Here, as in Soliman, plaintiff cannot demonstrate proximate cause. "Proximate cause is established by showing that the plaintiff would have succeeded in the underlying action or would not have incurred damages but for the attorney's negligence" (id., quoting Portilla v Law Offs. of Arcia & Flanagan, 112 AD3d 901, 902 [2d Dept 2013]). With respect to the no-fault arbitration, OPMC stated that it would not redact the portion of the charges relating to inappropriate surgery because the master arbitrator's decision did not constitute "either new and material evidence that was not previously available which, had it been available, would likely have led to a different result or circumstances that have occurred subsequent to the original determination that warrant a reconsideration of the measure of discipline" (NYSCEF Doc No. 47 at 4).

Additionally, defendants have established, and plaintiff's affidavit confirms, that plaintiff's alleged damages never came to fruition (NYSCEF Doc No. 75 ¶¶ 94-97). In opposition, plaintiff's papers and expert affidavit fails to raise a triable issue of fact. Plaintiff does not raise a fact question about whether the inappropriate surgery charge that caused the Worker's Compensation Board or BlueCross Insurance to threaten removal of plaintiff from their program (collateral damage documents, NYSCEF Doc No. 73). Although plaintiff alleges that as a result of defendants' legal malpractice he almost suffered the loss of privileges at North Shore University Hospital (NYSCEF Doc No. 75 ¶ 96), documents subpoenaed from the hospital reveal that plaintiff was terminated prior to the consent order or the OPMC investigation at issue in 2012 (subpoena response from North Shore Long Island Jewish Forest Hills Hospital, NYSCEF Doc No. 49). "Conclusory allegations of damages or injuries predicated on speculation cannot suffice for a malpractice action" (Holschauer, 5 AD3d at 554).
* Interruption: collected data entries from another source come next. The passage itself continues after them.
text \<open>Test the Fenchel--Young inequality at \<open>w + h\<close>, with \<open>h\<close> of fixed small length pointing
  from \<open>g\<close> towards \<open>y\<close>, against the first-order upper bound on \<open>f\<^sup>*(w + h)\<close>.\<close>
lemma conj_near_maximizer_near_gradient:
  assumes grad: "has_egradient (conj f) w g" and "0 < \<epsilon>"
  obtains \<delta> where "0 < \<delta>" "\<And>y a. f y = ereal a \<Longrightarrow>
    real_of_ereal (conj f w) - \<delta> < w \<bullet> y - a \<Longrightarrow> norm (y - g) < \<epsilon>"
proof -
  define s where "s = real_of_ereal (conj f w)"
  obtain r where r: "0 < r"
    and up: "\<And>h. norm h < r \<Longrightarrow> conj f (w + h) \<le> ereal (s + g \<bullet> h + \<epsilon> / 2 * norm h)"
    by (rule has_egradient_upper_bound[OF grad, of "\<epsilon> / 2"]) (use \<open>0 < \<epsilon>\<close> in \<open>simp_all add: s_def\<close>)
  define t where "t = r / 2"
  have t: "0 < t" "t < r" using r by (simp_all add: t_def)
  have "norm (y - g) < \<epsilon>" if fy: "f y = ereal a" and near: "s - \<epsilon> * t / 2 < w \<bullet> y - a" for y a
  proof (cases "y = g")
    case False
    define h where "h = (t / norm (y - g)) *\<^sub>R (y - g)"
    have nh: "norm h = t" using False t by (simp add: h_def)
    have "h \<bullet> (y - g) = t / norm (y - g) * (norm (y - g))\<^sup>2"
      by (simp add: h_def power2_norm_eq_inner)
    also have "\<dots> = norm (y - g) * t" using False by (simp add: power2_eq_square)
    finally have hy: "h \<bullet> y - g \<bullet> h = norm (y - g) * t"
      by (simp add: inner_diff_right inner_commute)
    have "ereal ((w + h) \<bullet> y) - f y \<le> conj f (w + h)" by (rule fenchel_young)
    also have "\<dots> \<le> ereal (s + g \<bullet> h + \<epsilon> * t / 2)" using up[of h] nh t by simp
    finally have "w \<bullet> y + h \<bullet> y - a \<le> s + g \<bullet> h + \<epsilon> * t / 2" using fy by (simp add: inner_add_left)
    then have "norm (y - g) * t < \<epsilon> * t" using near hy by linarith
    then show ?thesis using t by simp
  qed (use \<open>0 < \<epsilon>\<close> in simp)
  moreover have "0 < \<epsilon> * t / 2" using \<open>0 < \<epsilon>\<close> t by simp
  ultimately show thesis using that unfolding s_def by blast
qed

text \<open>Where \<open>\<nabla>\<psi>\<^sup>*(w) = g\<close>, Fenchel--Young is an equality at \<open>(g, w)\<close>: near-maximisers of
  \<open>w \<bullet> y - \<psi> y\<close> converge to \<open>g\<close>, and lower semicontinuity passes their values to the limit.\<close>
lemma conj_gradient_fenchel_le:
  assumes lsc: "elsc f" and ninf: "\<forall>y. f y \<noteq> -\<infinity>" and grad: "has_egradient (conj f) w g"
  shows "f g \<le> ereal (w \<bullet> g - real_of_ereal (conj f w))"
proof (rule ccontr)
  define s where "s = real_of_ereal (conj f w)"
  have cs: "conj f w = ereal s" unfolding s_def by (rule has_egradient_finite[OF grad])
  assume "\<not> f g \<le> ereal (w \<bullet> g - real_of_ereal (conj f w))"
  then have "ereal (w \<bullet> g - s) < f g" by (simp add: s_def)
  then obtain c where "ereal (w \<bullet> g - s) < ereal c" and cg: "ereal c < f g"
    using ereal_dense2 by blast
  define gap where "gap = c - (w \<bullet> g - s)"
  have gap: "0 < gap" using \<open>ereal (w \<bullet> g - s) < ereal c\<close> by (simp add: gap_def)
  obtain \<rho> where \<rho>: "0 < \<rho>" "ball g \<rho> \<subseteq> {y. ereal c < f y}"
    using open_contains_ball elsc_open_superlevel[OF lsc] cg by blast
  define \<epsilon> where "\<epsilon> = min \<rho> (gap / (2 * (norm w + 1)))"
  have K: "0 < 2 * (norm w + 1)" by (smt (verit) norm_ge_zero)
  have \<epsilon>: "0 < \<epsilon>" "\<epsilon> \<le> \<rho>" using \<rho> K gap by (simp_all add: \<epsilon>_def)
  have "\<epsilon> * (2 * (norm w + 1)) \<le> gap"
    using K by (simp add: \<epsilon>_def flip: pos_le_divide_eq)
  then have w\<epsilon>: "norm w * \<epsilon> \<le> gap / 2" using \<epsilon>(1) by (simp add: algebra_simps)
  obtain \<delta> where \<delta>: "0 < \<delta>"
    and close: "\<And>y a. f y = ereal a \<Longrightarrow> s - \<delta> < w \<bullet> y - a \<Longrightarrow> norm (y - g) < \<epsilon>"
    using conj_near_maximizer_near_gradient[OF grad \<epsilon>(1)] unfolding s_def by blast
  define \<delta>' where "\<delta>' = min \<delta> (gap / 2)"
  have "ereal (s - \<delta>') < conj f w" using cs \<delta> gap by (simp add: \<delta>'_def)
  then obtain y where y: "ereal (s - \<delta>') < ereal (w \<bullet> y) - f y"
    unfolding conj_def by (auto simp: less_SUP_iff)
  then obtain a where a: "f y = ereal a" using ninf by (cases "f y") auto
  have near: "s - \<delta>' < w \<bullet> y - a" using y a by simp
  then have yg: "norm (y - g) < \<epsilon>" using close[OF a] by (simp add: \<delta>'_def)
  then have "y \<in> ball g \<rho>" using \<epsilon> by (simp add: dist_norm norm_minus_commute)
  then have "c < a" using \<rho> a by auto
  have "w \<bullet> (y - g) \<le> norm w * norm (y - g)" by (rule norm_cauchy_schwarz)
  also have "\<dots> \<le> norm w * \<epsilon>" using yg by (simp add: mult_left_mono)
  finally have "w \<bullet> y \<le> w \<bullet> g + gap / 2" using w\<epsilon> by (simp add: inner_diff_right)
  moreover have "\<delta>' \<le> gap / 2" by (simp add: \<delta>'_def)
  ultimately show False using near \<open>c < a\<close> unfolding gap_def by argo
qed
As for plaintiff's expert affidavit, "expert witnesses should not be called to offer opinion as to the legal obligations of parties under a contract; that is an issue to be determined by the trial court. Expert opinion as to a legal conclusion is impermissible" (Colon v Rent-A-Center, 276 AD2d 58, 61 [1st Dept 2000]). "An expert may not be utilized to offer opinion as to the legal standards which he believes should have governed a party's conduct" (Russo v Feder, Kaszovitz, Isaacson, Weber, Skala & Bass, 301 AD2d 63, 69 [1st Dept 2002]).

Turning to the cause of action sounding in breach of contract, "where a cause of action alleging breach of contract or fraud arises from the same facts as a legal malpractice cause of action and does not allege distinct damages, the breach of contract or fraud cause of action must be dismissed as duplicative of the legal malpractice cause of action" (Postiglione v Castro, 119 AD3d 920, 922 [2d Dept 2014]). Here, the breach-of-contract claim is duplicative of the legal malpractice causes of action, since they arise from the same facts as those underlying the legal malpractice claims, and do not allege distinct damages (see e.g. Chowaiki & Co. Fine Art Ltd. v Lacher, 115 AD3d 600, 600-601 [1st Dept 2014]; Sun Graphics Corp. v Levy, Davis & Maher, LLP, 94 AD3d 669, 669 [1st Dept 2012] ["The causes of action for breach of contract, breach of fiduciary duty, and negligent misrepresentation are redundant of the legal malpractice claim, since they arise from the same allegations and seek identical relief"]).

Accordingly, for the foregoing reasons, it is

ORDERED that defendants' motion under CPLR 3212 for summary judgment dismissing the complaint is granted and the complaint is dismissed, with costs and disbursements as taxed by the Clerk of the Court upon the submission of an appropriate bill of costs, and the Clerk is directed to enter judgment accordingly.